A friend of mine needed help with plotting clusters with corresponding asymmetrical error bars. I decided to write a blog post about plotting error bars in Python after helping with the problem. The notebook can be also viewed on Github.
Error Bars
Error bars are graphical representations of the error or uncertainty in data, and they assist correct interpretation. For scientific purposes, reporting of errors is crucial in understanding the given data. Mostly error bars represent range and standard deviation of a dataset. They can help visualize how the data is spread around the mean value.
The Data
The data shown below is randomly generated for plotting purposes. This blog post is not about correct statistical interpretation of error bars, and solely written for demonstration purposes.

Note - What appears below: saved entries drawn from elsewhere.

(* Let $P$ be an orthogonal polygon without holes and let $S$ be a maximal square of $P$ with side length $d$ such that: the top and bottom sides of $S$ overlap with horizontal edges $e_1$ and $e_2$ of $P$ respectively; $e_1$ contains the top-right corner of $S$; $e_2$ contains the bottom-right corner of $S$; and there is a strip $Y$ between $e_1$ and $e_2$ whose right side is at distance more than $d$ from the right side of $S$. Let $S'$ be the reflection of $S$ in its right side. Then for every partial solution $\mathcal{R}$ with $S\in\mathcal{R}$ and such that no rec-pack of $\mathcal{R}$ overlaps $S'$, the set $\mathcal{R}\cup\{S'\}$ is also a partial solution.
   Context: $P$ is a simple polygon with integer vertex coordinates and axis-parallel edges. A valid square is an axis-parallel square contained in $P$; it is maximal if no larger-area valid square contains it. A strip of $P$ is a maximal axis-parallel non-square rectangular region lying inside $P$ such that each of its two longer sides is completely contained in an edge of $P$. A rec-pack is an axis-parallel rectangle contained in $P$ of dimensions $t\times \eta t$ or $\eta t\times t$ with $\eta\in\mathbb{N}$ (every valid square is a rec-pack); its extraction $\mathsf{ext}(R)$ is the set of the $\eta$ side-$t$ squares tiling $R$. A set $\mathcal{R}'$ of rec-packs is a minimum covering of $P$ if $\bigcup_{R\in\mathcal{R}'}\mathsf{ext}(R)$ is a minimum-cardinality set of valid squares with union $P$ and distinct rec-packs have disjoint extractions. A partial solution is a set of rec-packs contained in some minimum covering. *)

theory Defs
  imports "HOL-Analysis.Analysis"
begin

type_synonym point = "real \<times> real"

definition ipt :: "int \<times> int \<Rightarrow> point" where
  "ipt v = (real_of_int (fst v), real_of_int (snd v))"

fun poly_path :: "point list \<Rightarrow> real \<Rightarrow> point" where
  "poly_path [] = linepath 0 0"
| "poly_path [a] = linepath a a"
| "poly_path [a, b] = linepath a b"
| "poly_path (a # b # c # xs) = linepath a b +++ poly_path (b # c # xs)"

definition boundary_path :: "(int \<times> int) list \<Rightarrow> real \<Rightarrow> point" where
  "boundary_path vs = poly_path (map ipt vs @ [ipt (hd vs)])"

definition nxt :: "(int \<times> int) list \<Rightarrow> nat \<Rightarrow> int \<times> int" where
  "nxt vs i = vs ! (Suc i mod length vs)"

definition horiz_pair :: "int \<times> int \<Rightarrow> int \<times> int \<Rightarrow> bool" where
  "horiz_pair p q \<longleftrightarrow> snd p = snd q"

text \<open>Orthogonal simple polygon: consecutive vertices are distinct and joined by
  axis-parallel edges that alternate horizontal/vertical (so each edge is a maximal
  straight piece of the boundary), and the boundary is a simple closed curve.\<close>
definition ortho_polygon :: "(int \<times> int) list \<Rightarrow> bool" where
  "ortho_polygon vs \<longleftrightarrow> length vs \<ge> 4 \<and>
     (\<forall>i < length vs. vs ! i \<noteq> nxt vs i \<and>
        (fst (vs ! i) = fst (nxt vs i) \<or> snd (vs ! i) = snd (nxt vs i)) \<and>
        (horiz_pair (vs ! i) (nxt vs i) \<longleftrightarrow>
           \<not> horiz_pair (nxt vs i) (nxt vs (Suc i mod length vs)))) \<and>
     simple_path (boundary_path vs)"

definition polygon_region :: "(int \<times> int) list \<Rightarrow> point set" where
  "polygon_region vs = path_image (boundary_path vs) \<union> inside (path_image (boundary_path vs))"

definition poly_edges :: "(int \<times> int) list \<Rightarrow> point set set" where
  "poly_edges vs = {closed_segment (ipt (vs ! i)) (ipt (nxt vs i)) | i. i < length vs}"

definition horizontal :: "point set \<Rightarrow> bool" where
  "horizontal e \<longleftrightarrow> (\<exists>c. \<forall>p\<in>e. snd p = c)"

definition rect :: "real \<Rightarrow> real \<Rightarrow> real \<Rightarrow> real \<Rightarrow> point set" where
  "rect x y w h = {x..x+w} \<times> {y..y+h}"

definition top_side :: "real \<Rightarrow> real \<Rightarrow> real \<Rightarrow> real \<Rightarrow> point set" where
  "top_side x y w h = {x..x+w} \<times> {y+h}"

definition bottom_side :: "real \<Rightarrow> real \<Rightarrow> real \<Rightarrow> real \<Rightarrow> point set" where
  "bottom_side x y w h = {x..x+w} \<times> {y}"

definition left_side :: "real \<Rightarrow> real \<Rightarrow> real \<Rightarrow> real \<Rightarrow> point set" where
  "left_side x y w h = {x} \<times> {y..y+h}"

definition right_side :: "real \<Rightarrow> real \<Rightarrow> real \<Rightarrow> real \<Rightarrow> point set" where
  "right_side x y w h = {x+w} \<times> {y..y+h}"

definition is_square :: "point set \<Rightarrow> bool" where
  "is_square Q \<longleftrightarrow> (\<exists>x y t. t > 0 \<and> Q = rect x y t t)"

definition valid_square :: "point set \<Rightarrow> point set \<Rightarrow> bool" where
  "valid_square P Q \<longleftrightarrow> is_square Q \<and> Q \<subseteq> P"

definition maximal_square :: "point set \<Rightarrow> point set \<Rightarrow> bool" where
  "maximal_square P S \<longleftrightarrow> valid_square P S \<and>
     (\<forall>x y t x' y' t'. S = rect x y t t \<and> t > 0 \<and> t' > 0 \<and>
        valid_square P (rect x' y' t' t') \<and> S \<subseteq> rect x' y' t' t' \<longrightarrow> t' * t' \<le> t * t)"

definition rec_pack :: "point set \<Rightarrow> point set \<Rightarrow> bool" where
  "rec_pack P R \<longleftrightarrow> R \<subseteq> P \<and>
     (\<exists>x y t (\<eta>::nat). t > 0 \<and> \<eta> \<ge> 1 \<and>
        (R = rect x y t (real \<eta> * t) \<or> R = rect x y (real \<eta> * t) t))"

definition ext :: "point set \<Rightarrow> point set set" where
  "ext R = {Q. \<exists>x y t (\<eta>::nat) i. t > 0 \<and> \<eta> \<ge> 1 \<and> i < \<eta> \<and>
       ((R = rect x y t (real \<eta> * t) \<and> Q = rect x (y + real i * t) t t) \<or>
        (R = rect x y (real \<eta> * t) t \<and> Q = rect (x + real i * t) y t t))}"

definition strip_cand :: "(int \<times> int) list \<Rightarrow> point set \<Rightarrow> bool" where
  "strip_cand vs Y \<longleftrightarrow> Y \<subseteq> polygon_region vs \<and>
     (\<exists>x y w h. w > 0 \<and> h > 0 \<and> Y = rect x y w h \<and>
        ((w > h \<and> (\<exists>e\<in>poly_edges vs. top_side x y w h \<subseteq> e) \<and>
                  (\<exists>e\<in>poly_edges vs. bottom_side x y w h \<subseteq> e)) \<or>
         (h > w \<and> (\<exists>e\<in>poly_edges vs. left_side x y w h \<subseteq> e) \<and>
                  (\<exists>e\<in>poly_edges vs. right_side x y w h \<subseteq> e))))"

definition strip :: "(int \<times> int) list \<Rightarrow> point set \<Rightarrow> bool" where
  "strip vs Y \<longleftrightarrow> strip_cand vs Y \<and> (\<forall>Z. strip_cand vs Z \<and> Y \<subseteq> Z \<longrightarrow> Z = Y)"

definition square_cover :: "point set \<Rightarrow> point set set \<Rightarrow> bool" where
  "square_cover P U \<longleftrightarrow> finite U \<and> (\<forall>Q\<in>U. valid_square P Q) \<and> \<Union>U = P"

definition min_square_cover :: "point set \<Rightarrow> point set set \<Rightarrow> bool" where
  "min_square_cover P U \<longleftrightarrow> square_cover P U \<and> (\<forall>V. square_cover P V \<longrightarrow> card U \<le> card V)"

definition minimum_covering :: "point set \<Rightarrow> point set set \<Rightarrow> bool" where
  "minimum_covering P RR \<longleftrightarrow> (\<forall>R\<in>RR. rec_pack P R) \<and>
     min_square_cover P (\<Union>R\<in>RR. ext R) \<and>
     (\<forall>R1\<in>RR. \<forall>R2\<in>RR. R1 \<noteq> R2 \<longrightarrow> ext R1 \<inter> ext R2 = {})"

definition partial_solution :: "point set \<Rightarrow> point set set \<Rightarrow> bool" where
  "partial_solution P RR \<longleftrightarrow> (\<exists>RR'. minimum_covering P RR' \<and> RR \<subseteq> RR')"

definition overlaps :: "point set \<Rightarrow> point set \<Rightarrow> bool" where
  "overlaps A B \<longleftrightarrow> interior A \<inter> interior B \<noteq> {}"

end

theory Submission
  imports Defs
begin

text \<open>The square \<open>S'\<close> lies in \<open>P\<close>: the box between the right side of \<open>S\<close> and the right
  side of the strip \<open>Y\<close> has its left and right sides in \<open>S\<close> and \<open>Y\<close> and its top and
  bottom sides on the edges \<open>e1\<close> and \<open>e2\<close>; a bounded set whose frontier lies in a region
  bounded by a Jordan curve lies in that region.

  Now take a minimum covering extending \<open>\<R>\<close>. Some square \<open>Q\<close> of its extraction covers
  points of \<open>S'\<close> just right of the common side of \<open>S\<close> and \<open>S'\<close> while starting left of it.
  The edges \<open>e1\<close>, \<open>e2\<close> are on the boundary of \<open>P\<close> and hence miss the interior of
  \<open>Q\<close>, so \<open>Q\<close> lies between them and therefore inside \<open>S \<union> S'\<close>. Replacing \<open>Q\<close> by
  \<open>S'\<close> gives a covering of no larger size, hence again a minimum one, and the rec-pack
  containing \<open>Q\<close> overlaps \<open>S'\<close>, so it is not in \<open>\<R>\<close>.\<close>

lemma rect_eqD:
  assumes "rect x y w h = rect x' y' w' h'" "0 \<le> w" "0 \<le> h"
  shows "x = x' \<and> y = y' \<and> w = w' \<and> h = h'"
  using assms by (auto simp: rect_def times_eq_iff)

We will be using numpy for data generation. Let’s start by importing numpy.
# Importing numpy
import numpy as np
np.__version__
Numpy has helpful random number generators included in it. The data can be generated from various distributions. Let’s look at few of them that we are going to use in our example:
- numpy.random.rand(): Numpy creates an array of a given shape with random samples from a uniform distribution in a range from 0 to 1. If no argument is given, then a single float is returned.
- numpy.random.uniform(): Similar to .rand(), Numpy draws samples from uniform distribution. However, this time we can specify lower and upper boundaries for sample generation, while including the lower boundary and generating samples up to upper boundary.
- numpy.random.randn(): Numpy creates an array of a given shape with random samples from a standard normal distribution with a mean of 0 and variance 1. If no argument is given, then a single float is returned.
For the complete list of available distributions please check the link.
We are also going to use .seed function in the examples below for reproducibility of the data.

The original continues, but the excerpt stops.